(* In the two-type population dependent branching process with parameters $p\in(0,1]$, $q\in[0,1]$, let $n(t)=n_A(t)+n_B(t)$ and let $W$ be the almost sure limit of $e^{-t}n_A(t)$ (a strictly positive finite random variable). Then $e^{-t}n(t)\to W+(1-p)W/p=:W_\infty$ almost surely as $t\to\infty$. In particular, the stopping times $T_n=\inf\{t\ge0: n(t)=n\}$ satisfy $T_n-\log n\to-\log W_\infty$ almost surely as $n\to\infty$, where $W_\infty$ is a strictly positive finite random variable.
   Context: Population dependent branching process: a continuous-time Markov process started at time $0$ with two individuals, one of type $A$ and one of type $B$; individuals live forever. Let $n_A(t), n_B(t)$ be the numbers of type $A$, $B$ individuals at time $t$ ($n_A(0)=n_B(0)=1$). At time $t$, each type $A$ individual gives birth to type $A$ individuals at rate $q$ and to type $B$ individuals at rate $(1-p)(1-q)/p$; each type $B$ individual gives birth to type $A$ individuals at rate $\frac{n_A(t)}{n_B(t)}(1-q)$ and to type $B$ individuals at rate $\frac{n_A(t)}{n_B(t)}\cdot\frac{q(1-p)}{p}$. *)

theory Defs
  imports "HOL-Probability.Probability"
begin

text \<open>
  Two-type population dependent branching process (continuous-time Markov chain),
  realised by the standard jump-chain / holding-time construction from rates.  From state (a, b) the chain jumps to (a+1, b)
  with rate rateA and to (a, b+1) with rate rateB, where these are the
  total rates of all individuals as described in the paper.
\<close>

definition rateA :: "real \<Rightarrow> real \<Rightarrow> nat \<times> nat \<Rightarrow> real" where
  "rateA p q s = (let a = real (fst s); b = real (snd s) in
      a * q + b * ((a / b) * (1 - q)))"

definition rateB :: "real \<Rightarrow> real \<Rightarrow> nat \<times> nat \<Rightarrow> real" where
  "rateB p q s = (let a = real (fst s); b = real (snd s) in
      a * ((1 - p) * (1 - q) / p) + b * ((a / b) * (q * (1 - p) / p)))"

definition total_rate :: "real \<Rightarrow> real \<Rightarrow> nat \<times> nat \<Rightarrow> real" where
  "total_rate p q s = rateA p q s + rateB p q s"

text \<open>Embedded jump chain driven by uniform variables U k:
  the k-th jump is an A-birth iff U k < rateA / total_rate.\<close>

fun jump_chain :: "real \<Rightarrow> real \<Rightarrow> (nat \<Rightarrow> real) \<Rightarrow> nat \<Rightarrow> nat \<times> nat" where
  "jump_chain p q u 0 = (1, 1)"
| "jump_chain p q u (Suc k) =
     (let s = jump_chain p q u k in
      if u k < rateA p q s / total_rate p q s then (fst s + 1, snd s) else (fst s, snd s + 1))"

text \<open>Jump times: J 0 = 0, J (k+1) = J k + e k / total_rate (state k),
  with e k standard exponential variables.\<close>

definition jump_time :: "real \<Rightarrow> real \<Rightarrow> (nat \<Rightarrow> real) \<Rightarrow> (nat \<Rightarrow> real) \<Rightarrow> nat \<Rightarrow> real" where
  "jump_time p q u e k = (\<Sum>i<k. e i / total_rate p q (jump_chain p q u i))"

──────

INSTRUCTIONS TO FOLLOW:
A word-for-word copy of the material is required.

YOUR RESPONSE:
(* In the two-type population dependent branching process with parameters $p\in(0,1]$, $q\in[0,1]$, let $n(t)=n_A(t)+n_B(t)$ and let $W$ be the almost sure limit of $e^{-t}n_A(t)$ (a strictly positive finite random variable). Then $e^{-t}n(t)\to W+(1-p)W/p=:W_\infty$ almost surely as $t\to\infty$. In particular, the stopping times $T_n=\inf\{t\ge0: n(t)=n\}$ satisfy $T_n-\log n\to-\log W_\infty$ almost surely as $n\to\infty$, where $W_\infty$ is a strictly positive finite random variable.
   Context: Population dependent branching process: a continuous-time Markov process started at time $0$ with two individuals, one of type $A$ and one of type $B$; individuals live forever. Let $n_A(t), n_B(t)$ be the numbers of type $A$, $B$ individuals at time $t$ ($n_A(0)=n_B(0)=1$). At time $t$, each type $A$ individual gives birth to type $A$ individuals at rate $q$ and to type $B$ individuals at rate $(1-p)(1-q)/p$; each type $B$ individual gives birth to type $A$ individuals at rate $\frac{n_A(t)}{n_B(t)}(1-q)$ and to type $B$ individuals at rate $\frac{n_A(t)}{n_B(t)}\cdot\frac{q(1-p)}{p}$. *)

theory Defs
  imports "HOL-Probability.Probability"
begin

text \<open>
  Two-type population dependent branching process (continuous-time Markov chain),
  realised by the standard jump-chain / holding-time construction from rates.  From state (a, b) the chain jumps to (a+1, b)
  with rate rateA and to (a, b+1) with rate rateB, where these are the
  total rates of all individuals as described in the paper.
\<close>

definition rateA :: "real \<Rightarrow> real \<Rightarrow> nat \<times> nat \<Rightarrow> real" where
  "rateA p q s = (let a = real (fst s); b = real (snd s) in
      a * q + b * ((a / b) * (1 - q)))"

definition rateB :: "real \<Rightarrow> real \<Rightarrow> nat \<times> nat \<Rightarrow> real" where
  "rateB p q s = (let a = real (fst s); b = real (snd s) in
      a * ((1 - p) * (1 - q) / p) + b * ((a / b) * (q * (1 - p) / p)))"

definition total_rate :: "real \<Rightarrow> real \<Rightarrow> nat \<times> nat \<Rightarrow> real" where
  "total_rate p q s = rateA p q s + rateB p q s"

text \<open>Embedded jump chain driven by uniform variables U k:
  the k-th jump is an A-birth iff U k < rateA / total_rate.\<close>

fun jump_chain :: "real \<Rightarrow> real \<Rightarrow> (nat \<Rightarrow> real) \<Rightarrow> nat \<Rightarrow> nat \<times> nat" where
  "jump_chain p q u 0 = (1, 1)"
| "jump_chain p q u (Suc k) =
     (let s = jump_chain p q u k in
      if u k < rateA p q s / total_rate p q s then (fst s + 1, snd s) else (fst s, snd s + 1))"

text \<open>Jump times: J 0 = 0, J (k+1) = J k + e k / total_rate (state k),
  with e k standard exponential variables.\<close>

definition jump_time :: "real \<Rightarrow> real \<Rightarrow> (nat \<Rightarrow> real) \<Rightarrow> (nat \<Rightarrow> real) \<Rightarrow> nat \<Rightarrow> real" where
  "jump_time p q u e k = (\<Sum>i<k. e i / total_rate p q (jump_chain p q u i))"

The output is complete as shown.